袁國強GBM, SC, JP 及David W. Rivkin 香港國際仲裁中心聯席主席

 

袁國強GBM, SC, JP是Temple Chambers的仲裁員、調解員和大律師,曾任香港律政司司長;David W. Rivkin是Debevoise & Plimpton’s國際爭議解決小組聯席主席、國際律師協會(IBA)前任主席;二人獲委任為香港國際仲裁中心(HKIAC)聯席主席,於2020年6月15日起接任Matthew Gearing QC的工作。*

開始從事仲裁

袁國強在香港土生土長,在香港修讀法律。**他於1988年成為大律師,並於2003年獲任命為資深大律師。在2007年至2009年期間,他擔任香港大律師公會會長。在2012年至2018年期間,他擔任香港特區律政司司長。離任後,他重返私人執業。
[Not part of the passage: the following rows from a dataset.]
theorem mainTheorem3:
  fixes k i n :: nat
    and A :: "'n::finite cmat"
    and B C :: "nat \<Rightarrow> 'n cmat"
  assumes "k \<ge> 1"
    and "\<And>j m. j \<in> {1..k} \<Longrightarrow> invertible (C j + mat (of_nat m))"
    and "\<And>j1 j2. j1 \<in> {1..k} \<Longrightarrow> j2 \<in> {1..k} \<Longrightarrow> C j1 ** C j2 = C j2 ** C j1"
    and "i \<in> {1..k}"
    and "n \<ge> 1"
    and "\<And>m. invertible (B i + mat (of_nat m))"
  shows "(\<forall>m. (\<forall>j. j \<notin> {1..k} \<longrightarrow> m j = 0) \<longrightarrow>
            FA k A (B(i := B i + mat (of_nat n))) C m =
            (\<Sum>n1 = 0..n. of_nat (n choose n1) *\<^sub>R
               (mpoch A n1
                ** xmul i n1 (FA k (A + mat (of_nat n1)) (B(i := B i + mat (of_nat n1)))
                                  (C(i := C i + mat (of_nat n1)))) m
                ** mpoch_inv (C i) n1)))
       \<and> ((\<forall>n1. n1 \<le> n \<longrightarrow> invertible (B i - mat (of_nat n1))) \<longrightarrow>
          (\<forall>m. (\<forall>j. j \<notin> {1..k} \<longrightarrow> m j = 0) \<longrightarrow>
            FA k A (B(i := B i - mat (of_nat n))) C m =
            (\<Sum>n1 = 0..n. ((-1) ^ n1 * of_nat (n choose n1)) *\<^sub>R
               (mpoch A n1
                ** xmul i n1 (FA k (A + mat (of_nat n1)) B
                                  (C(i := C i + mat (of_nat n1)))) m
                ** mpoch_inv (C i) n1))))"
  using assms(2-4) by (blast intro: FA_shift_up FA_shift_down)

end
他一直與仲裁界保持聯繫,在修讀LLB時選擇國際貿易法作為選修課程,已首次接觸這個執業領域。成為大律師執業後,他參加了由英國特許仲裁員學會(CIArb)舉辦的仲裁課程,並開始從事仲裁工作。在擔任律政司司長期間,他致力提升香港作為國際仲裁中心的地位。
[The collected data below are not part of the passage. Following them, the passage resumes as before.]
lemma iso_commute: "succ_closed a \<Longrightarrow> succ_closed b \<Longrightarrow> iso a b \<longleftrightarrow> iso b a"
  using iso_sym by blast

lemma basis_iso_class:
  assumes "succ_closed a" "succ_closed b"
  shows "basis a (iso_class b) = of_bool (iso a b)"
proof -
  have "iso_class b = iso_class a \<longleftrightarrow> iso a b" using iso_class_eq_iff[OF assms] by metis
  then show ?thesis by (simp add: basis_def)
qed

lemma delta_iso_class:
  assumes "succ_closed a" "succ_closed b"
  shows "delta a (iso_class b) = of_nat (card {v \<in> {..<nv a}. iso (add_free a v) b})"
  using assms by (simp add: delta_def basis_iso_class sum_of_bool_eq Int_def)

lemma deltabar_iso_class:
  assumes "succ_closed a" "succ_closed b"
  shows "deltabar b (iso_class a) = of_nat (card {w \<in> {..<nv b}. fr b w \<noteq> 0 \<and> iso a (rem_free b w)})"
proof -
  have "deltabar b (iso_class a) = (\<Sum>w<nv b. of_bool (fr b w \<noteq> 0 \<and> iso a (rem_free b w)))"
    unfolding deltabar_def using assms
    by (intro sum.cong) (auto simp: basis_iso_class iso_commute[of a])
  then show ?thesis by (simp add: sum_of_bool_eq Int_def)
qed

lemma is_iso_add_free_iff:
  assumes v: "v < nv a"
  shows "is_iso (add_free a v) b \<phi> \<longleftrightarrow> fr b (\<phi> v) \<noteq> 0 \<and> is_iso a (rem_free b (\<phi> v)) \<phi>"
proof (cases "bij_betw \<phi> {..<nv a} {..<nv b}")
  case True
  then have neq: "\<phi> u \<noteq> \<phi> v" if "u < nv a" "u \<noteq> v" for u
    using v that by (auto simp: bij_betw_def dest: inj_onD)
  define others where "others \<longleftrightarrow> (\<forall>u<nv a. u \<noteq> v \<longrightarrow> fr b (\<phi> u) = fr a u)"
  have "(\<forall>u<nv a. fr b (\<phi> u) = ((fr a)(v := fr a v + 1)) u) \<longleftrightarrow>
      fr b (\<phi> v) = fr a v + 1 \<and> others"
    unfolding others_def using v by auto
  moreover have "(\<forall>u<nv a. ((fr b)(\<phi> v := fr b (\<phi> v) - 1)) (\<phi> u) = fr a u) \<longleftrightarrow>
      fr b (\<phi> v) - 1 = fr a v \<and> others"
    unfolding others_def using v neq by auto
  moreover have "fr b (\<phi> v) = fr a v + 1 \<longleftrightarrow> fr b (\<phi> v) \<noteq> 0 \<and> fr b (\<phi> v) - 1 = fr a v"
    by arith
  ultimately show ?thesis unfolding is_iso_iff add_free_sel rem_free_sel by blast
qed (simp add: is_iso_def)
Rivkin在紐約出生長大。他的父母非常投入國際事務,令他也有興趣於全球事務。從耶魯大學法學院畢業後,Rivkin擔任Luther M. Swygert議員的助理,後者是1980-81年美國芝加哥第七巡迴上訴法院法官,及後加入Debevoise & Plimpton,並於1988年成為合夥人。該行處理1970年的一宗利比亞石油徵收仲裁,涉及國家與外國私人當事方,最終勝訴,因而在國際仲裁界頗有聲譽。Rivkin進入該行的第一天,就被指示處理一宗涉及印尼的仲裁,自此他一直在處理涉及亞洲的仲裁事務。

參與HKIAC的工作

袁國強和Rivkin均認為,他們有責任與HKIAC秘書處、理事及互相緊密合作,提供策略指導,以確保(i)HKIAC保持國際仲裁中心的全球領導地位和本地仲裁的理想平台;(ii)HKIAC繼續提供最優質的服務,並在可能的情況下進行改進,以適應仲裁用戶的需求;及(iii)香港繼續是備受推崇的仲裁地點。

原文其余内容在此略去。